[Opening Materials provided section]
lemma one_local_retract_common_fixed_points:
  assumes "bounded_metric M d" "metric_normal_structure M d" "admissible_compact M d"
    and "interlaced_orbit_nonexpansive M d F"
  shows "one_local_retract M d (common_fixed_points M F)"
  unfolding one_local_retract_def
proof (intro conjI allI impI)
  show "common_fixed_points M F \<subseteq> M" unfolding common_fixed_points_def by blast
  fix P :: "('a \<times> real) set"
  assume P: "\<forall>(c, r)\<in>P. c \<in> common_fixed_points M F \<and> 0 \<le> r"
    and ne: "M \<inter> (\<Inter>(c, r)\<in>P. mcball c r) \<noteq> {}"
  let ?I = "M \<inter> (\<Inter>(c, r)\<in>P. mcball c r)"
  have "admissible M d ?I"
    using P admissible_mcball
    by (intro admissible_Inter) (auto simp: common_fixed_points_def)
  moreover have "invariant_under F (\<Inter>(insert M ((\<lambda>(c, r). mcball c r) ` P)))"
    using P invariant_under_carrier[OF assms(4)]
      invariant_under_mcball_common_fixed_point[OF assms(4)]
    by (intro invariant_under_Inter) auto
  moreover have "\<Inter>(insert M ((\<lambda>(c, r). mcball c r) ` P)) = ?I" by blast
  ultimately obtain p where "p \<in> ?I" "\<forall>T\<in>F. T p = p"
    using common_fixed_point_in_admissible[OF assms _ ne] by metis
  then show "?I \<inter> common_fixed_points M F \<noteq> {}"
    unfolding common_fixed_points_def by blast
qed

end

theorem theorem3p3:
  fixes M :: "'a set" and d :: "'a \<Rightarrow> 'a \<Rightarrow> real" and F :: "('a \<Rightarrow> 'a) set"
  assumes "Metric_space M d"
    and "M \<noteq> {}"
    and "bounded_metric M d"
    and "metric_normal_structure M d"
    and "admissible_compact M d"
    and "interlaced_orbit_nonexpansive M d F"
  shows "(\<exists>x\<in>M. \<forall>T\<in>F. T x = x) \<and> one_local_retract M d (common_fixed_points M F)"
proof
  interpret Metric_space M d by fact
  have "invariant_under F M"
    using assms(6) by (rule invariant_under_carrier)
  then show "\<exists>x\<in>M. \<forall>T\<in>F. T x = x"
    by (rule common_fixed_point_in_admissible[OF assms(3-6) admissible_carrier assms(2)])
  show "one_local_retract M d (common_fixed_points M F)"
    using one_local_retract_common_fixed_points[OF assms(3-6)] .
qed

end
lemma vanishes_below_mult:
  fixes A B :: "'a::semiring_0 mat"
  assumes A: "vanishes_below a A" and B: "vanishes_below b B" and dim: "dim_col A = dim_row B"
  shows "vanishes_below (a + b) (A * B)"
  unfolding vanishes_below_def
proof (intro allI impI)
  fix i j
  assume i: "i < dim_row (A * B)" and j: "j < dim_col (A * B)" and ij: "int j < int i + (a + b)"
  have "A $$ (i,k) * B $$ (k,j) = 0" if "k < dim_col A" for k
    using A B dim i j that ij unfolding vanishes_below_def
    by (cases "int k < int i + a") force+
  then show "(A * B) $$ (i,j) = 0"
    using index_mult_mat_sum[of i A j B] i j dim by simp
qed

lemma vanishes_above_shift_mat: "vanishes_above (int r) (shift_mat r n)"
  by (auto simp: vanishes_above_def shift_mat_def)

lemma vanishes_below_transpose_shift_mat: "vanishes_below (- int r) (transpose_mat (shift_mat r n))"
  by (auto simp: vanishes_below_def shift_mat_def)

lemma dim_lead_mat [simp]: "dim_row (lead_mat n A) = n" "dim_col (lead_mat n A) = n"
  by (simp_all add: lead_mat_def)

lemma lead_mat_id: "A \<in> carrier_mat n n \<Longrightarrow> lead_mat n A = A"
  by (auto simp: lead_mat_def)

lemma vanishes_above_lead_mat:
  "vanishes_above a A \<Longrightarrow> n \<le> dim_row A \<Longrightarrow> n \<le> dim_col A \<Longrightarrow> vanishes_above a (lead_mat n A)"
  by (auto simp: vanishes_above_def lead_mat_def)
(* Let $n\ge 1$, $d_1,\dots,d_n\ge 1$, $L_i\in\mathbb{C}^{d_i\times d_i}$ ($i=1,\dots,n$) and $C_{i,i-1}\in\mathbb{C}^{d_i\times d_{i-1}}$ ($i=2,\dots,n$). Assume: (i) each $L_i$ is invertible and diagonalizable, $L_iV_i=V_i\Lambda_i$ with $V_i$ invertible and $\Lambda_i=\mathrm{diag}(\lambda_{i,1},\dots,\lambda_{i,d_i})$; (ii) $\sigma(L_i)\cap\sigma(L_j)=\emptyset$ for all $i\neq j$; (iii) $\|L_1\|<\|L_2\|<\cdots<\|L_n\|\le 1$. Fix $i\in\{1,\dots,n\}$ and $s_i\in\{1,\dots,d_i\}$. Then $\Psi_{i,s_i}\circ\mathsf{pert}$ is an eigenfunction of the Koopman operator $\mathcal U_{\mathsf{Lin}}$ (defined by $\mathcal U_{\mathsf{Lin}}f=f\circ\mathsf{Lin}$) at eigenvalue $\lambda_{i,s_i}$, i.e. $\Psi_{i,s_i}(\mathsf{pert}(\mathsf{Lin}(x)))=\lambda_{i,s_i}\Psi_{i,s_i}(\mathsf{pert}(x))$ for all $x\in\mathbb{C}^{d_1}\times\cdots\times\mathbb{C}^{d_n}$.
   Context: Each $\mathbb{C}^{d_i}$ carries a fixed norm, matrices carry the induced operator norm. $\mathsf{Lin}(x_1,\dots,x_n)=(L_1x_1,\;L_2x_2+C_{2,1}x_1,\;\dots,\;L_nx_n+C_{n,n-1}x_{n-1})$. The principal eigenfunction $\psi_{i,s}(x_i)=\hat e_s^{*}V_i^{-1}x_i$ ($\hat e_s$ the $s$-th standard basis vector of $\mathbb{C}^{d_i}$), and $\Psi_{i,s}(x_1,\dots,x_n)=\psi_{i,s}(x_i)$. Matrices $D_{i,j}$ ($1\le j\le i\le n$) are defined recursively in $i$: $D_{i,i}=I_{d_i}$; for $i\ge 2$, $1\le j\le i-1$, $[\tilde C_{i,j}]_{\ell,m}=[V_i^{-1}C_{i,i-1}D_{i-1,j}V_j]_{\ell,m}(1-\lambda_{j,m}/\lambda_{i,\ell})^{-1}$ and $D_{i,j}=L_i^{-1}V_i\tilde C_{i,j}V_j^{-1}$. Define $\mathsf{pert}_1(x_1)=x_1$, $\mathsf{pert}_i(x_1,\dots,x_i)=x_i+\sum_{j=1}^{i-1}(-1)^{i-1-j}D_{i,j}\mathsf{pert}_j(x_1,\dots,x_j)$ for $i\ge2$, and $\mathsf{pert}(x)=(\mathsf{pert}_1(x_1),\dots,\mathsf{pert}_n(x_1,\dots,x_n))$. *)

theory Defs
  imports "Jordan_Normal_Form.Spectral_Radius" "Jordan_Normal_Form.Gauss_Jordan_Elimination"
begin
[Closing Materials provided section]
• Exercise
Using the data above, reproduce exactly the lines from the line that contains "using A B dim" through the line that contains "by (auto simp: vanishes_below_def", including both.

• The answer
    using A B dim i j that ij unfolding vanishes_below_def
    by (cases "int k < int i + a") force+
  then show "(A * B) $$ (i,j) = 0"
    using index_mult_mat_sum[of i A j B] i j dim by simp
qed

lemma vanishes_above_shift_mat: "vanishes_above (int r) (shift_mat r n)"
  by (auto simp: vanishes_above_def shift_mat_def)

lemma vanishes_below_transpose_shift_mat: "vanishes_below (- int r) (transpose_mat (shift_mat r n))"
  by (auto simp: vanishes_below_def shift_mat_def)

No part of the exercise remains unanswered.